You are asking if it is possible to set up an environment that runs Clojure without setting the JAVA_HOME env variable? I would guess it is possible, at least. I do not know whether it is common to do so.
I don't really install java, just download the jdk and set my bashrc to add the path to the bins
Hum, not exactly. I'm asking if setting up Clojure requires you to setup the JAVA_HOME environment variable.
clojure uses java, and java has to be on the path. I think java_home is a fallback used by many programs if java isn't available?
through installation I mean
I am attempting to try out a fresh install of Clojure on an Ubuntu Linux system to confirm, but I am pretty sure I can follow the Clojure getting started steps, installing a JDK in a way that does not assign a value to the JAVA_HOME env variable, and the clj
and clojure
commands will still work. Will report back what I find.
interesting
This is the code for the clojure
command to find java:
# Find java executable
set +e
JAVA_CMD=$(type -p java)
set -e
if [[ ! -n "$JAVA_CMD" ]]; then
if [[ -n "$JAVA_HOME" ]] && [[ -x "$JAVA_HOME/bin/java" ]]; then
JAVA_CMD="$JAVA_HOME/bin/java"
else
>&2 echo "Couldn't find 'java'. Please set JAVA_HOME."
exit 1
fi
fi
So it seems it first tries $(type -p java) which I do not know what that does. And if that didn't work, it tries to look for JAVA_HOME, I think that's correct, my bash isn't great
yeah, if you didn't install java via some installer, where it sets the path so it appears callable, then it falls back to the java_home. I ran into this long ago with intellij tools
On an Ubuntu 18.04 system where I had never installed Clojure before, but did have OpenJDK 11 installed via an Ubuntu/Debian package, and there was no JAVA_HOME variable assigned a value in the environment, I can follow the Linux install instructions on Clojure's get started page, and both clojure
and clj
commands run without complaint.
The output of type -p java
on that system is /usr/bin/java
, which is where the java
executable is installed by the Ubuntu/Debian package
The bash command page describes what the type
built-in command does.
buried within that many-pages-long man page 🙂
Ok cool. I could probably use that logic too. Though it seems there is also a way using java itself: java -XshowSettings:properties -version
which prints a bunch of info, one of them being where java is installed
Ya, my install instructions will mention that. I need it in the path for other reasons already.
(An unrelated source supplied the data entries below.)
lemma image_sol_of_subset_solutions:
  "sol_of ` nonempty_invariant_sets red_row \<subseteq> tnecp_solutions M q"
proof (rule image_subsetI)
  fix S assume "S \<in> nonempty_invariant_sets red_row"
  then show "sol_of S \<in> tnecp_solutions M q"
    by (intro sol_of_mem_solutions) (simp_all add: nonempty_invariant_sets_def)
qed

lemma nondegenerate_solutions_eq_image_sol_of:
  assumes "tnecp_nondegenerate M q"
  shows "tnecp_solutions M q = sol_of ` nonempty_invariant_sets red_row"
proof (rule antisym[OF _ image_sol_of_subset_solutions], rule subsetI)
  fix x assume "x \<in> tnecp_solutions M q"
  then obtain w z where "x = (w, z)" "tnecp_solution M q w z"
    by (auto simp: tnecp_solutions_def)
  then show "x \<in> sol_of ` nonempty_invariant_sets red_row"
    using nondegenerate_solution_eq_sol_of[OF assms] by blast
qed

definition row_equiv :: "'n rel" where
  "row_equiv = inv_image ((tnecp_graph_edges M q)\<^sup>*) Inl"

lemma equiv_row_equiv: "equiv UNIV row_equiv"
  unfolding row_equiv_def by (intro equiv_inv_image equiv_tnecp_graph_components)

lemma num_components_eq_card_row_classes: "num_components M q = card (UNIV // row_equiv)"
  unfolding num_components_def row_equiv_def
  using tnecp_graph_edgesI(2)[of _ _ M q]
  by (intro card_quotient_inv_image_Inl equiv_tnecp_graph_components) blast

lemma red_row_mem_row_equiv: "(j, red_row j) \<in> row_equiv"
proof -
  have "(Inl j, Inr j) \<in> tnecp_graph_edges M q" "(Inr j, Inl (red_row j)) \<in> tnecp_graph_edges M q"
    using red_edge_red_row[of j] by (auto intro: tnecp_graph_edgesI)
  then show ?thesis
    unfolding row_equiv_def by auto
qed

lemma nondegenerate_row_equiv_subset:
  assumes "tnecp_nondegenerate M q"
  shows "row_equiv \<subseteq> (\<Union>x. {(x, red_row x), (red_row x, x)})\<^sup>*"
proof -
  let ?G = "\<Union>x. {(x, red_row x), (red_row x, x)}"
  let ?node = "case_sum id id :: 'n + 'n \<Rightarrow> 'n"
  \<comment> \<open>Identifying u_i with v_i turns blue edges into loops and red edges into steps of red_row.\<close>
  have G_edge: "(i, j) \<in> ?G\<^sup>* \<and> (j, i) \<in> ?G\<^sup>*" if "i = j \<or> red_edge M q i j" for i j
  proof (cases "i = j")
    case False
    then have "i = red_row j"
      using that nondegenerate_red_edge_imp_red_row[OF assms] by blast
    then have "(i, j) \<in> ?G" "(j, i) \<in> ?G"
      by blast+
    then show ?thesis
      by (blast intro: r_into_rtrancl)
  qed simp
  have graph_edge: "(?node a, ?node b) \<in> ?G\<^sup>*" if edge: "(a, b) \<in> tnecp_graph_edges M q" for a b
  proof -
    from edge obtain i j where "i = j \<or> red_edge M q i j" "a = Inl i \<and> b = Inr j \<or> a = Inr j \<and> b = Inl i"
      by (rule tnecp_graph_edgesE)
    then show ?thesis
      using G_edge[of i j] by auto
  qed
  have "(?node a, ?node b) \<in> ?G\<^sup>*" if "(a, b) \<in> (tnecp_graph_edges M q)\<^sup>*" for a b
    using that by (induction rule: rtrancl_induct) (blast intro: rtrancl_trans graph_edge)+
  from this[of "Inl i" "Inl i'" for i i'] show ?thesis
    unfolding row_equiv_def by auto
qed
It is more common to expect JAVA_HOME to be defined and then figure out the path to java ($JAVA_HOME/bin/java).
But I am thinking about Windows more. For Linux and MacOS, java will be available in path already. In Windows, I often had to add java to path manually.
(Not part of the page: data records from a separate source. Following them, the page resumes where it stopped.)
lemma snoc_trees_Node:
  assumes "cart_realizable off a" "cart_realizable j b" "j = off + size a + 1"
  shows "snoc_trees off (Node a j b)
    = insert (Node (Node a j b) (j + size b + 1) Leaf) (Node a j ` snoc_trees j b)"
proof
  have "Node (Node a j b) (j + size b + 1) Leaf \<in> snoc_trees off (Node a j b)"
    using Node_Leaf_in_snoc_trees[of off "Node a j b"] cart_realizable_Node[of off a b] assms
    by (simp add: ac_simps)
  moreover have "Node a j t \<in> snoc_trees off (Node a j b)" if t_in: "t \<in> snoc_trees j b" for t
  proof -
    obtain xb y where t: "t = cart_off (xb @ [y]) j" and d: "distinct (xb @ [y])"
      and cb: "cart_off xb j = b" using t_in unfolding snoc_trees_def by blast
    obtain xa where da: "distinct xa" and ca: "cart_off xa off = a"
      using assms(1) unfolding cart_realizable_def by blast
    obtain c m where dx: "distinct (xa @ m # map (\<lambda>v. v + c) (xb @ [y]))"
      and min: "\<forall>v\<in>set xa \<union> set (map (\<lambda>v. v + c) (xb @ [y])). m < v"
      using distinct_glue[OF da d] by blast
    have j: "j = off + length xa + 1" using assms(3) size_cart_off[OF da, of off] ca by simp
    have "cart_off (xa @ m # map (\<lambda>v. v + c) xb) off = Node a j b"
      using cart_off_glue[of xa c xb m off] min d ca cb j by simp
    moreover have "Node a j t = cart_off ((xa @ m # map (\<lambda>v. v + c) xb) @ [y + c]) off"
      using cart_off_glue[OF min d, of off] ca t j by simp
    moreover have "distinct ((xa @ m # map (\<lambda>v. v + c) xb) @ [y + c])" using dx by simp
    ultimately show ?thesis unfolding snoc_trees_def by blast
  qed
  ultimately show "insert (Node (Node a j b) (j + size b + 1) Leaf) (Node a j ` snoc_trees j b)
    \<subseteq> snoc_trees off (Node a j b)" by blast
qed (rule snoc_trees_Node_subset)

lemma cons_trees_Node_subset:
  "cons_trees off (Node a j b)
    \<subseteq> insert (Node Leaf (Suc off) (Node a j b)) ((\<lambda>t. Node t j b) ` cons_trees off a)"
proof
  fix t assume "t \<in> cons_trees off (Node a j b)"
  then obtain x y where t: "t = cart_off (y # x) off" and d: "distinct (y # x)"
    and c: "cart_off x (Suc off) = Node a j b" unfolding cons_trees_def by blast
  then obtain xa m xb where x: "x = xa @ m # xb" and min: "\<forall>v\<in>set xa \<union> set xb. m < v"
    and ca: "cart_off xa (Suc off) = a" and j: "j = Suc off + length xa + 1" and cb: "cart_off xb j = b"
    by (auto elim: cart_off_eq_NodeE)
  consider "y < m" | "m < y" using d x by fastforce
  then show "t \<in> insert (Node Leaf (Suc off) (Node a j b)) ((\<lambda>t. Node t j b) ` cons_trees off a)"
  proof cases
    case 1
    then have "\<forall>v\<in>set x. y < v" using min unfolding x by (auto intro: less_trans)
    then have "t = Node Leaf (Suc off) (Node a j b)" using t c cart_off_Cons_min by simp
    then show ?thesis by simp
  next
    case 2
    then have "t = Node (cart_off (y # xa) off) j b"
      using t x cb j min cart_off_append_min[of "y # xa" xb m off] by simp
    moreover have "cart_off (y # xa) off \<in> cons_trees off a" unfolding cons_trees_def using d x ca by auto
    ultimately show ?thesis by simp
  qed
qed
Ya, I think I remember that for Windows. I might add a fallback to JAVA_HOME in the future, but I think it wouldn't be too bad to ask to add java to the path. Especially in Emacs, you can add stuff to your path within your emacs config as well, so that might be a better way to go.
If you are assuming bash exists, then type
command exists, too.
Wndows without WSL tends to be enough different from macOS/Linux that it often needs it own way of doing things.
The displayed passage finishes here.